Task prompt — Reproduce all the data verbatim.

Data —

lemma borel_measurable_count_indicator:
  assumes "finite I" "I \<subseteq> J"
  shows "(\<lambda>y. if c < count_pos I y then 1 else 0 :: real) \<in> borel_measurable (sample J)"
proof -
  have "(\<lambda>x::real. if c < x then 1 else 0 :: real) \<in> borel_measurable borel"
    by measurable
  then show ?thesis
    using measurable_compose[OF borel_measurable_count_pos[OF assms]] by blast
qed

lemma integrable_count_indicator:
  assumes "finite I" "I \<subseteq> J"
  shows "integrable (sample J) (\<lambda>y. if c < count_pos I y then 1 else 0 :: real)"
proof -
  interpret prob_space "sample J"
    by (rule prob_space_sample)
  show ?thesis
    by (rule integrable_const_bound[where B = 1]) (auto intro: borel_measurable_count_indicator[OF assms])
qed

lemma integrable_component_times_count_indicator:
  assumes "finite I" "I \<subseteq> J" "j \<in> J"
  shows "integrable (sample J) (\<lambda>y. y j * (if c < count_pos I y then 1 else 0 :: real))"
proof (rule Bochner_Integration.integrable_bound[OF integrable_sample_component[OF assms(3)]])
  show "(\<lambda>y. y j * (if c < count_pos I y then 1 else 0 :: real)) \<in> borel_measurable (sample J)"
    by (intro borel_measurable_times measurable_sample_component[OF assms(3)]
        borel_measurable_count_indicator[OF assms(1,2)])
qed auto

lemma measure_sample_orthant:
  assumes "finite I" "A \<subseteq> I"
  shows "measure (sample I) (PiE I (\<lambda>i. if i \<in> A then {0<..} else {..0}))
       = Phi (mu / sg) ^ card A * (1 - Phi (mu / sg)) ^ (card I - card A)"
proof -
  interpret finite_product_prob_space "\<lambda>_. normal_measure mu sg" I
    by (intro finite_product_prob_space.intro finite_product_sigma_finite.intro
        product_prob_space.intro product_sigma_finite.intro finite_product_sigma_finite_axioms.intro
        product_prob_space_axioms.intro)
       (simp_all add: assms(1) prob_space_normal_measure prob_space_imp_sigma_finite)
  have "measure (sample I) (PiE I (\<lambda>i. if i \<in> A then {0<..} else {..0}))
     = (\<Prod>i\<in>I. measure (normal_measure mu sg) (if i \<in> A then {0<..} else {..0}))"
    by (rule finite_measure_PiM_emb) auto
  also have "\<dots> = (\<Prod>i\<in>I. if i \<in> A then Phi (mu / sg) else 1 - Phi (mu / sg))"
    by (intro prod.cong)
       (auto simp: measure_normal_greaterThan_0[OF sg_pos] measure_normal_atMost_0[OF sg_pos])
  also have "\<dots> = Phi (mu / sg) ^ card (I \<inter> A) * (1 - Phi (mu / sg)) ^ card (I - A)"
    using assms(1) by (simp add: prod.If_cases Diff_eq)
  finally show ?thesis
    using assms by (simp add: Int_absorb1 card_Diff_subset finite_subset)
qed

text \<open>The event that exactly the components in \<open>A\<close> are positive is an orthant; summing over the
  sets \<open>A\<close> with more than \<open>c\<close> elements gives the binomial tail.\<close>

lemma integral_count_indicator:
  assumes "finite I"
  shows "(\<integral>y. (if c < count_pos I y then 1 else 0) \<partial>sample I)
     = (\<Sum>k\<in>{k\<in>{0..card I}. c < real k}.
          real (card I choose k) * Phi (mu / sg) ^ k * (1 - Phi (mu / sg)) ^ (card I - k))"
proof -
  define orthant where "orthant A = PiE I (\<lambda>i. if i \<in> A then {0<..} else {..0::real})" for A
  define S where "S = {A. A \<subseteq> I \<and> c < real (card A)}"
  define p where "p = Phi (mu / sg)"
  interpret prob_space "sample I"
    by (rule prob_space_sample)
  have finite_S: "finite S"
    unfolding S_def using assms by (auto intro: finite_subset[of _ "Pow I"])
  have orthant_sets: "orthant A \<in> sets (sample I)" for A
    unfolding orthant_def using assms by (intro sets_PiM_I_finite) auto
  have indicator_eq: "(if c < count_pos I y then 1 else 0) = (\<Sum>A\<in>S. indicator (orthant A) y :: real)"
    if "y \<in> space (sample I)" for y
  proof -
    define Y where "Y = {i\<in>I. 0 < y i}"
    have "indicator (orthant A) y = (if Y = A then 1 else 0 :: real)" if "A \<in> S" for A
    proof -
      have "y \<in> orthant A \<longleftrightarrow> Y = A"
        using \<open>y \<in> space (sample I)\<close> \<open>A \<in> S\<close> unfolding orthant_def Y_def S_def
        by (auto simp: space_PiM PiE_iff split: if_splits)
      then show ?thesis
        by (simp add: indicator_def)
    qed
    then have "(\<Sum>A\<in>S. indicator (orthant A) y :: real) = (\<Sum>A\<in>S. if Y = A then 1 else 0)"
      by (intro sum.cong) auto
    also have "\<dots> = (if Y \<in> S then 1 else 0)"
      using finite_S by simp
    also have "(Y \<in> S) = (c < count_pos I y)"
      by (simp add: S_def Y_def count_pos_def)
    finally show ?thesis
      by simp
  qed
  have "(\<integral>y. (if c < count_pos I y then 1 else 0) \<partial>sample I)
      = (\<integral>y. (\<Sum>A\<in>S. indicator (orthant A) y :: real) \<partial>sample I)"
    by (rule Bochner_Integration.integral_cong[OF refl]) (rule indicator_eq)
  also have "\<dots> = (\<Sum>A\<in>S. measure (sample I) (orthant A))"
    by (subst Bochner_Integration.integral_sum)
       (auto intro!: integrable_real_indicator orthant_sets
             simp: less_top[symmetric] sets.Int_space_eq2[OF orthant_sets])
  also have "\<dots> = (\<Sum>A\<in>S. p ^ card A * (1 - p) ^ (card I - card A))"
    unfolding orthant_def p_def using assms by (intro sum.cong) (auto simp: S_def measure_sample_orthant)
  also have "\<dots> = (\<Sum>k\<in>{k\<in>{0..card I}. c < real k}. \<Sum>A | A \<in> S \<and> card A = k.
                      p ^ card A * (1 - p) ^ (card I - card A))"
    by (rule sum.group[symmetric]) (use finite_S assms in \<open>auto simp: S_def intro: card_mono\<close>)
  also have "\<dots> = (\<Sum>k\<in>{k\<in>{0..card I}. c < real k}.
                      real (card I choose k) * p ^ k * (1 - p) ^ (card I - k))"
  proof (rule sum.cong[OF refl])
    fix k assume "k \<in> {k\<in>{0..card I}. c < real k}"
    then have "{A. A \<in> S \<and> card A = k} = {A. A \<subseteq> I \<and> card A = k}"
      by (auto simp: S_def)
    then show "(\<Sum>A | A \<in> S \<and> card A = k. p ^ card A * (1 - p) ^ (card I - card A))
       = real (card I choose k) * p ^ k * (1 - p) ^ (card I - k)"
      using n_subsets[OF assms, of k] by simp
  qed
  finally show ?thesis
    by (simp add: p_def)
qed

Result below —
lemma borel_measurable_count_indicator:
  assumes "finite I" "I \<subseteq> J"
  shows "(\<lambda>y. if c < count_pos I y then 1 else 0 :: real) \<in> borel_measurable (sample J)"
proof -
  have "(\<lambda>x::real. if c < x then 1 else 0 :: real) \<in> borel_measurable borel"
    by measurable
  then show ?thesis
    using measurable_compose[OF borel_measurable_count_pos[OF assms]] by blast
qed

lemma integrable_count_indicator:
  assumes "finite I" "I \<subseteq> J"
  shows "integrable (sample J) (\<lambda>y. if c < count_pos I y then 1 else 0 :: real)"
proof -
  interpret prob_space "sample J"
    by (rule prob_space_sample)
  show ?thesis
    by (rule integrable_const_bound[where B = 1]) (auto intro: borel_measurable_count_indicator[OF assms])
qed

lemma integrable_component_times_count_indicator:
  assumes "finite I" "I \<subseteq> J" "j \<in> J"
  shows "integrable (sample J) (\<lambda>y. y j * (if c < count_pos I y then 1 else 0 :: real))"
proof (rule Bochner_Integration.integrable_bound[OF integrable_sample_component[OF assms(3)]])
  show "(\<lambda>y. y j * (if c < count_pos I y then 1 else 0 :: real)) \<in> borel_measurable (sample J)"
    by (intro borel_measurable_times measurable_sample_component[OF assms(3)]
        borel_measurable_count_indicator[OF assms(1,2)])
qed auto

lemma measure_sample_orthant:
  assumes "finite I" "A \<subseteq> I"
  shows "measure (sample I) (PiE I (\<lambda>i. if i \<in> A then {0<..} else {..0}))
       = Phi (mu / sg) ^ card A * (1 - Phi (mu / sg)) ^ (card I - card A)"
proof -
  interpret finite_product_prob_space "\<lambda>_. normal_measure mu sg" I
    by (intro finite_product_prob_space.intro finite_product_sigma_finite.intro
        product_prob_space.intro product_sigma_finite.intro finite_product_sigma_finite_axioms.intro
        product_prob_space_axioms.intro)
       (simp_all add: assms(1) prob_space_normal_measure prob_space_imp_sigma_finite)
  have "measure (sample I) (PiE I (\<lambda>i. if i \<in> A then {0<..} else {..0}))
     = (\<Prod>i\<in>I. measure (normal_measure mu sg) (if i \<in> A then {0<..} else {..0}))"
    by (rule finite_measure_PiM_emb) auto
  also have "\<dots> = (\<Prod>i\<in>I. if i \<in> A then Phi (mu / sg) else 1 - Phi (mu / sg))"
    by (intro prod.cong)
       (auto simp: measure_normal_greaterThan_0[OF sg_pos] measure_normal_atMost_0[OF sg_pos])
  also have "\<dots> = Phi (mu / sg) ^ card (I \<inter> A) * (1 - Phi (mu / sg)) ^ card (I - A)"
    using assms(1) by (simp add: prod.If_cases Diff_eq)
  finally show ?thesis
    using assms by (simp add: Int_absorb1 card_Diff_subset finite_subset)
qed

text \<open>The event that exactly the components in \<open>A\<close> are positive is an orthant; summing over the
  sets \<open>A\<close> with more than \<open>c\<close> elements gives the binomial tail.\<close>

lemma integral_count_indicator:
  assumes "finite I"
  shows "(\<integral>y. (if c < count_pos I y then 1 else 0) \<partial>sample I)
     = (\<Sum>k\<in>{k\<in>{0..card I}. c < real k}.
          real (card I choose k) * Phi (mu / sg) ^ k * (1 - Phi (mu / sg)) ^ (card I - k))"
proof -
  define orthant where "orthant A = PiE I (\<lambda>i. if i \<in> A then {0<..} else {..0::real})" for A
  define S where "S = {A. A \<subseteq> I \<and> c < real (card A)}"
  define p where "p = Phi (mu / sg)"
  interpret prob_space "sample I"
    by (rule prob_space_sample)
  have finite_S: "finite S"
    unfolding S_def using assms by (auto intro: finite_subset[of _ "Pow I"])
  have orthant_sets: "orthant A \<in> sets (sample I)" for A
    unfolding orthant_def using assms by (intro sets_PiM_I_finite) auto
  have indicator_eq: "(if c < count_pos I y then 1 else 0) = (\<Sum>A\<in>S. indicator (orthant A) y :: real)"
    if "y \<in> space (sample I)" for y
  proof -
    define Y where "Y = {i\<in>I. 0 < y i}"
    have "indicator (orthant A) y = (if Y = A then 1 else 0 :: real)" if "A \<in> S" for A
    proof -
      have "y \<in> orthant A \<longleftrightarrow> Y = A"
        using \<open>y \<in> space (sample I)\<close> \<open>A \<in> S\<close> unfolding orthant_def Y_def S_def
        by (auto simp: space_PiM PiE_iff split: if_splits)
      then show ?thesis
        by (simp add: indicator_def)
    qed
    then have "(\<Sum>A\<in>S. indicator (orthant A) y :: real) = (\<Sum>A\<in>S. if Y = A then 1 else 0)"
      by (intro sum.cong) auto
    also have "\<dots> = (if Y \<in> S then 1 else 0)"
      using finite_S by simp
    also have "(Y \<in> S) = (c < count_pos I y)"
      by (simp add: S_def Y_def count_pos_def)
    finally show ?thesis
      by simp
  qed
  have "(\<integral>y. (if c < count_pos I y then 1 else 0) \<partial>sample I)
      = (\<integral>y. (\<Sum>A\<in>S. indicator (orthant A) y :: real) \<partial>sample I)"
    by (rule Bochner_Integration.integral_cong[OF refl]) (rule indicator_eq)
  also have "\<dots> = (\<Sum>A\<in>S. measure (sample I) (orthant A))"
    by (subst Bochner_Integration.integral_sum)
       (auto intro!: integrable_real_indicator orthant_sets
             simp: less_top[symmetric] sets.Int_space_eq2[OF orthant_sets])
  also have "\<dots> = (\<Sum>A\<in>S. p ^ card A * (1 - p) ^ (card I - card A))"
    unfolding orthant_def p_def using assms by (intro sum.cong) (auto simp: S_def measure_sample_orthant)
  also have "\<dots> = (\<Sum>k\<in>{k\<in>{0..card I}. c < real k}. \<Sum>A | A \<in> S \<and> card A = k.
                      p ^ card A * (1 - p) ^ (card I - card A))"
    by (rule sum.group[symmetric]) (use finite_S assms in \<open>auto simp: S_def intro: card_mono\<close>)
  also have "\<dots> = (\<Sum>k\<in>{k\<in>{0..card I}. c < real k}.
                      real (card I choose k) * p ^ k * (1 - p) ^ (card I - k))"
  proof (rule sum.cong[OF refl])
    fix k assume "k \<in> {k\<in>{0..card I}. c < real k}"
    then have "{A. A \<in> S \<and> card A = k} = {A. A \<subseteq> I \<and> card A = k}"
      by (auto simp: S_def)
    then show "(\<Sum>A | A \<in> S \<and> card A = k. p ^ card A * (1 - p) ^ (card I - card A))
       = real (card I choose k) * p ^ k * (1 - p) ^ (card I - k)"
      using n_subsets[OF assms, of k] by simp
  qed
  finally show ?thesis
    by (simp add: p_def)
qed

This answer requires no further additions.